Thanks, all, fo rthe support.
redhairedgirl April 28th, 2006, 07:30 PM I'm thinking long haired surfer dude a la Spicoli is in Josiah's future. Maybe you should try holding the cookie in front of him while he's getting his hair cut. Kind of a carrot before the mule trick. :lol:
Clare April 28th, 2006, 10:00 PM I agree with everyone about not punishing him.
Why didn't DH just hold him in the chair while the barber cut his hair? A little screaming isn't going to hurt anybody. That's what we do and unfortunately what's in our plans for the day :rolleyes: One of us (DH's turn today :biggrin: ) sits in the chair with Sam on our lap in a death grip, he screams and struggles but he gets his hair cut.
I refuse to cut it myself. Not that he would sit still for me either but I've seen too many kids with butchered haircuts (my nephew being one of them) b/c their parents did it themselves.
Bridget April 28th, 2006, 10:13 PM A little screaming isn't going to hurt anybody. ... One of us (DH's turn today :biggrin: ) sits in the chair with Sam on our lap in a death grip, he screams and struggles but he gets his hair cut.

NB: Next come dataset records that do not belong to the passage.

lemma equal_weights_adjacent:
  fixes p i j i' j' :: nat
  assumes p: "p \<ge> 2" and eq: "p * i + j = p * i' + j'" and ne: "(i, j) \<noteq> (i', j')"
    and "j \<le> p + 1" "j' \<le> p + 1"
  shows "(i = i' + 1 \<and> j' = j + p) \<or> (i' = i + 1 \<and> j = j' + p)"
proof -
  have step: "i1 = i2 + 1 \<and> j2 = j1 + p"
    if "i1 = i2 + k" "k > 0" "p * i1 + j1 = p * i2 + j2" "j2 \<le> p + 1" for i1 i2 k j1 j2
  proof -
    have "p * k + j1 = j2" using that by (simp add: algebra_simps)
    moreover have "k = 1"
    proof (rule ccontr)
      assume "k \<noteq> 1"
      then have "p * 2 \<le> p * k" using that(2) by (intro mult_le_mono2) simp
      with \<open>p * k + j1 = j2\<close> that(4) p show False by linarith
    qed
    ultimately show ?thesis using that(1) by simp
  qed
  consider "i' < i" | "i < i'" | "i = i'" by linarith
  then show ?thesis
  proof cases
    case 1
    then obtain k where "i = i' + k" "k > 0" by (metis less_imp_add_positive add.commute)
    from step[OF this eq assms(5)] show ?thesis by simp
  next
    case 2
    then obtain k where "i' = i + k" "k > 0" by (metis less_imp_add_positive add.commute)
    from step[OF this eq[symmetric] assms(4)] show ?thesis by simp
  next
    case 3
    then show ?thesis using eq ne by simp
  qed
qed

lemma adjacent_pair_if_equal_weights:
  fixes p :: nat and S :: "(nat \<times> nat) set"
  assumes "p \<ge> 2" "\<And>i j. (i, j) \<in> S \<Longrightarrow> j \<le> p + 1"
    and "s \<in> S" "t \<in> S" "s \<noteq> t" "(\<lambda>(i, j). p * i + j) t = (\<lambda>(i, j). p * i + j) s"
  obtains a b where "(a + 1, b) \<in> S" "(a, b + p) \<in> S" "(\<lambda>(i, j). p * i + j) s = p * (a + 1) + b"
proof -
  obtain i j i' j' where s: "s = (i, j)" and t: "t = (i', j')" by fastforce
  have "(i = i' + 1 \<and> j' = j + p) \<or> (i' = i + 1 \<and> j = j' + p)"
    using equal_weights_adjacent[of p i j i' j'] assms by (auto simp: s t)
  then show thesis
  proof
    assume "i = i' + 1 \<and> j' = j + p"
    then show thesis using assms(3,4) by (intro that[of i' j]) (auto simp: s t)
  next
    assume "i' = i + 1 \<and> j = j' + p"
    then show thesis using assms(3,4) by (intro that[of i j']) (auto simp: s t algebra_simps)
  qed
qed

lemma max_weight_adjacent_pair:
  fixes p :: nat and S :: "(nat \<times> nat) set"
  assumes "p \<ge> 2" "finite S" "S \<noteq> {}" "\<And>i j. (i, j) \<in> S \<Longrightarrow> j \<le> p + 1"
    and "max_attained_twice (\<lambda>(i, j). p * i + j) S"
  obtains a b where "(a + 1, b) \<in> S" "(a, b + p) \<in> S"
    "\<And>i j. (i, j) \<in> S \<Longrightarrow> p * i + j \<le> p * (a + 1) + b"
proof -
  obtain s t where st: "s \<in> S" "t \<in> S" "s \<noteq> t" "(\<lambda>(i, j). p * i + j) t = (\<lambda>(i, j). p * i + j) s"
    and max: "\<And>u. u \<in> S \<Longrightarrow> (\<lambda>(i, j). p * i + j) u \<le> (\<lambda>(i, j). p * i + j) s"
    using max_attained_twiceD[OF assms(2,3,5)] by blast
  obtain a b where "(a + 1, b) \<in> S" "(a, b + p) \<in> S" "(\<lambda>(i, j). p * i + j) s = p * (a + 1) + b"
    using adjacent_pair_if_equal_weights[OF assms(1) _ st] assms(4) by blast
  with max show thesis by (intro that[of a b]) fastforce+
qed

lemma min_weight_adjacent_pair:
  fixes p :: nat and S :: "(nat \<times> nat) set"
  assumes "p \<ge> 2" "finite S" "S \<noteq> {}" "\<And>i j. (i, j) \<in> S \<Longrightarrow> j \<le> p + 1"
    and "min_attained_twice (\<lambda>(i, j). p * i + j) S"
  obtains a b where "(a + 1, b) \<in> S" "(a, b + p) \<in> S"
    "\<And>i j. (i, j) \<in> S \<Longrightarrow> p * (a + 1) + b \<le> p * i + j"
proof -
  obtain s t where st: "s \<in> S" "t \<in> S" "s \<noteq> t" "(\<lambda>(i, j). p * i + j) t = (\<lambda>(i, j). p * i + j) s"
    and min: "\<And>u. u \<in> S \<Longrightarrow> (\<lambda>(i, j). p * i + j) s \<le> (\<lambda>(i, j). p * i + j) u"
    using min_attained_twiceD[OF assms(2,3,5)] by blast
  obtain a b where "(a + 1, b) \<in> S" "(a, b + p) \<in> S" "(\<lambda>(i, j). p * i + j) s = p * (a + 1) + b"
    using adjacent_pair_if_equal_weights[OF assms(1) _ st] assms(4) by blast
  with min show thesis by (intro that[of a b]) fastforce+
qed

lemma corner_indices_of_max_pairs:
  fixes p a b c d :: nat
  assumes p: "p \<ge> 2" and b1: "b \<le> 1" and d1: "d \<le> 1" and a1: "a \<le> p" and c1: "c \<le> p"
    and E1: "p * (b + p) + a \<le> p * (c + 1) + d" and E2: "p * (d + p) + c \<le> p * (a + 1) + b"
  shows "a = p \<and> b = 0 \<and> c = p \<and> d = 0"
proof -
  have G1: "d + p \<le> a + 1" by (rule mult_add_le_imp_le[OF E2]) (use b1 p in linarith)
  have G2: "b + p \<le> c + 1" by (rule mult_add_le_imp_le[OF E1]) (use d1 p in linarith)
  have d0: "d = 0"
  proof (rule ccontr)
    assume "d \<noteq> 0"
    then have "d = 1" "a = p" using d1 G1 a1 by simp_all
    then have "c \<le> b" using E2 by (simp add: algebra_simps)
    then show False using G2 b1 p by linarith
  qed
  have b0: "b = 0"
  proof (rule ccontr)
    assume "b \<noteq> 0"
    then have "b = 1" "c = p" using b1 G2 c1 by simp_all
    then show False using E1 G1 d0 p by (simp add: algebra_simps)
  qed
  have "a = p"
  proof (rule ccontr)
    assume "a \<noteq> p"
    then have "a + 1 = p" using G1 a1 d0 by simp
    then have "c = 0" using E2 d0 b0 by simp
    then show False using G2 p b0 by linarith
  qed
  moreover have "c = p"
  proof (rule ccontr)
    assume "c \<noteq> p"
    then have "c + 1 = p" using G2 c1 b0 by simp
    then show False using E1 \<open>a = p\<close> b0 d0 p by (simp add: algebra_simps)
  qed
  ultimately show ?thesis using b0 d0 by simp
qed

Same for me, except I did it alone. Death grip is the best term. Also, headlock. He screamed his head off, but he got his hair cut and the second it was done he was fine. He cried and screamed bloody murder but the only one who seemed to suffer lasting trauma was me. Within the last four-six months, he's finally shaped up and barely blinks an eye at haircuts. The introduction of the forbidden sucker also helped, although last time he said he didn't want one because it got all hairy. Smart kid. :lol:
MrsPeacefrog April 29th, 2006, 08:20 AM Aiden was always like this and no matter how much he screamed and cried the hairdresser just worked as fast as she could. Always at the end of it he would brag to anyone that would listen that he got a haircut. So it obviously was not that traumatic for him. After about 3-4 times like that he finally sat still and quiet for them. Now at almost 4 he can still have an episode of not liking it and cry on the occassion but he generally gets over it within in a few snips.
I think persistance is the key and not leaving time between haircuts go to long, the more frequent the quicker he will get used to it.
I agree with everyone else that punishment isn't the way to go.
Susan April 29th, 2006, 09:03 AM Next time DH gets his hair cut I told him to take Josiah so that Josiah can watch daddy having it done. Then I'd like to have Josiah get his cut. I am happy to hear that some of you do the death grip and just get 'er done. I was feeling pretty bad about that part of it too, that there was something deathly frightening to him and I was making him sit through it anyway.